- Open Access
- Total Downloads : 286
- Authors : Apehabah Joseph
- Paper ID : IJERTV2IS3382
- Volume & Issue : Volume 02, Issue 03 (March 2013)
- Published (First Online): 26-03-2013
- ISSN (Online) : 2278-0181
- Publisher Name : IJERT
- License: This work is licensed under a Creative Commons Attribution 4.0 International License
An Empirical Investigation of Relationship Between Water/Cement + RHA Ratio and the Compressive Strength of RHA Concrete
ApehAbah Joseph
Department of Building, School of Environmental Technology, Federal University of Tech, Minna, Niger State, Nigeria.
Abstract
The study has empirically examined the relationship between water/cement + RHA ratio and compressive strength of RHA Concrete.

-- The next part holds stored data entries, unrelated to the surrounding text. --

lemma avoiding_biflat_above:
  assumes y: "y \<in> E" and p: "p \<in> avoiding_biflats y" and pot: "potential y p < int (card E) - 2"
  shows "\<exists>q\<in>avoiding_biflats y. biflat_le p q \<and> q \<noteq> p"
proof -
  obtain F G where pFG: "p = (F, G)" by (cases p)
  have F: "flat E indep F" "F \<subseteq> E" and G: "flat E (dual_indep E indep) G" "G \<noteq> {}" "G \<subseteq> E"
    and cover: "F \<union> G = E" and avoid: "y \<notin> F \<inter> G"
    using p flat_subset_ground dual.flat_subset_ground unfolding pFG
    by (auto simp: pair_in_avoiding_biflats)
  have "0 < dual.rank G" using dual_rank_pos_nonempty G by blast
  then have "2 \<le> dual.rank G \<or> (y \<in> G \<and> rank F + 2 \<le> rank E) \<or> (y \<notin> G \<and> rank F < rank E)"
    using pot rank_add_dual_rank unfolding potential_def pFG by (cases "y \<in> G"; simp; linarith)
  then consider (shrink_G) "2 \<le> dual.rank G" | (grow_F) "y \<in> G" "rank F + 2 \<le> rank E"
    | (whole_F) "y \<notin> G" "rank F < rank E"
    by blast
  then show ?thesis
  proof cases
    case shrink_G
    then obtain G'' where G'': "flat E (dual_indep E indep) G''" "{} \<subset> G''" "G'' \<subset> G" "y \<notin> G''"
      using dual.flat_between[OF dual_flat_empty G(1), of y] dual.rank_empty by auto
    then have "(E, G'') \<in> avoiding_biflats y"
      using G(3) flat_ground by (auto simp: pair_in_avoiding_biflats)
    moreover have "biflat_le p (E, G'')" "(E, G'') \<noteq> p"
      using G'' F(2) unfolding pFG biflat_le_def by auto
    ultimately show ?thesis by blast
  next
    case grow_F
    then obtain F'' where F'': "flat E indep F''" "F \<subset> F''" "F'' \<subset> E" "y \<notin> F''"
      using flat_between[OF F(1) flat_ground F(2), of y] avoid by auto
    then have "(F'', G) \<in> avoiding_biflats y"
      using G cover by (auto simp: pair_in_avoiding_biflats)
    moreover have "biflat_le p (F'', G)" "(F'', G) \<noteq> p"
      using F'' unfolding pFG biflat_le_def by auto
    ultimately show ?thesis by blast
  next
    case whole_F
    then have "F \<noteq> E" by auto
    moreover have "(E, G) \<in> avoiding_biflats y"
      using G y whole_F flat_ground by (auto simp: pair_in_avoiding_biflats)
    moreover have "biflat_le p (E, G)" "(E, G) \<noteq> p"
      using \<open>F \<noteq> E\<close> F(2) unfolding pFG biflat_le_def by auto
    ultimately show ?thesis by blast
  qed
qed

lemma avoiding_biflat_between:
  assumes y: "y \<in> E" and p: "p \<in> avoiding_biflats y" and q: "q \<in> avoiding_biflats y"
    and "biflat_le p q" and pot: "potential y p + 2 \<le> potential y q"
  shows "\<exists>s\<in>avoiding_biflats y. biflat_le p s \<and> biflat_le s q \<and> s \<noteq> p \<and> s \<noteq> q"
proof -
  obtain F G F' G' where pFG: "p = (F, G)" and qFG: "q = (F', G')" by (cases p, cases q)
  have sub: "F \<subseteq> F'" "G' \<subseteq> G" using assms(4) unfolding pFG qFG biflat_le_def by auto
  have F: "flat E indep F" "F \<noteq> {}" and F': "flat E indep F'" "F' \<noteq> {}" "F' \<subseteq> E"
    and G: "flat E (dual_indep E indep) G" "G \<noteq> {}" "G \<subseteq> E"
    and G': "flat E (dual_indep E indep) G'" "G' \<noteq> {}"
    and cover: "F \<union> G = E" "F' \<union> G' = E" and avoid: "y \<notin> F \<inter> G" "y \<notin> F' \<inter> G'"
    using p q flat_subset_ground dual.flat_subset_ground unfolding pFG qFG
    by (auto simp: pair_in_avoiding_biflats)
  have "rank F \<le> rank F'" "dual.rank G' \<le> dual.rank G"
    using sub rank_mono dual.rank_mono by auto
  then have "rank F + 2 \<le> rank F' \<or> dual.rank G' + 2 \<le> dual.rank G \<or>
      (rank F < rank F' \<and> dual.rank G' < dual.rank G \<and> (y \<in> G \<longrightarrow> y \<in> G'))"
    using pot sub(2) unfolding potential_def pFG qFG by (cases "y \<in> G"; cases "y \<in> G'"; auto)
  then consider (grow_F) "rank F + 2 \<le> rank F'" | (shrink_G) "dual.rank G' + 2 \<le> dual.rank G"
    | (swap) "rank F < rank F'" "dual.rank G' < dual.rank G" "y \<in> G \<longrightarrow> y \<in> G'"
    by blast
  then show ?thesis
  proof cases
    case grow_F
    then obtain F'' where F'': "flat E indep F''" "F \<subset> F''" "F'' \<subset> F'" "y \<notin> F \<longrightarrow> y \<notin> F''"
      using flat_between[OF F(1) F'(1) sub(1), of y] by auto
    then have "(F'', G) \<in> avoiding_biflats y"
      using G cover(1) avoid(1) F'(3) by (auto simp: pair_in_avoiding_biflats)
    moreover have "biflat_le p (F'', G)" "biflat_le (F'', G) q" "(F'', G) \<noteq> p" "(F'', G) \<noteq> q"
      using F'' sub unfolding pFG qFG biflat_le_def by auto
    ultimately show ?thesis by blast
  next
    case shrink_G
    then obtain G'' where G'': "flat E (dual_indep E indep) G''" "G' \<subset> G''" "G'' \<subset> G"
      "y \<notin> G' \<longrightarrow> y \<notin> G''"
      using dual.flat_between[OF G'(1) G(1) sub(2), of y] by auto
    then have "(F', G'') \<in> avoiding_biflats y"
      using F' G(3) cover(2) avoid(2) by (auto simp: pair_in_avoiding_biflats)
    moreover have "biflat_le p (F', G'')" "biflat_le (F', G'') q" "(F', G'') \<noteq> p" "(F', G'') \<noteq> q"
      using G'' sub unfolding pFG qFG biflat_le_def by auto
    ultimately show ?thesis by blast
  next
    case swap
    then have "F \<noteq> F'" "G \<noteq> G'" by auto
    moreover have "(F', G) \<in> avoiding_biflats y"
      using F' G cover avoid sub y swap(3) by (auto simp: pair_in_avoiding_biflats)
    moreover have "biflat_le p (F', G)" "biflat_le (F', G) q" "(F', G) \<noteq> p" "(F', G) \<noteq> q"
      using \<open>F \<noteq> F'\<close> \<open>G \<noteq> G'\<close> sub unfolding pFG qFG biflat_le_def by auto
    ultimately show ?thesis by blast
  qed
qed

lemma gap_filling_potential_biflats:
  assumes "y \<in> E"
  shows "gap_filling_potential biflat_le (avoiding_biflats y) (potential y) (int (card E) - 2)"
proof
  show "biflat_le p s" if "biflat_le p q" "biflat_le q s" for p q s
    using that unfolding biflat_le_def by blast
qed (use assms potential_strict_mono potential_range avoiding_biflats_nonempty
    avoiding_biflat_below avoiding_biflat_above avoiding_biflat_between in auto)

Using a 35% replacement of OPC with RHA, RHA concrete cubes were cast with varying water/cement + RHA ratios (0.60, 0.63, 0.68, 0.72, 0.81, 0.86, 0.90 and 0.99 respectively) and theircorresponding compressive strengths determined. Applying a statistical technique (Pearson Product moment correlation), it was established that a positive correlation (0.63) exist between the variables. The study further indicated that 39.46% of the total variations in compressive strength of RHA concrete for seven (7) days are due to the water/cement + RHA ratio. The rest variations (60.54%) need to be investigated.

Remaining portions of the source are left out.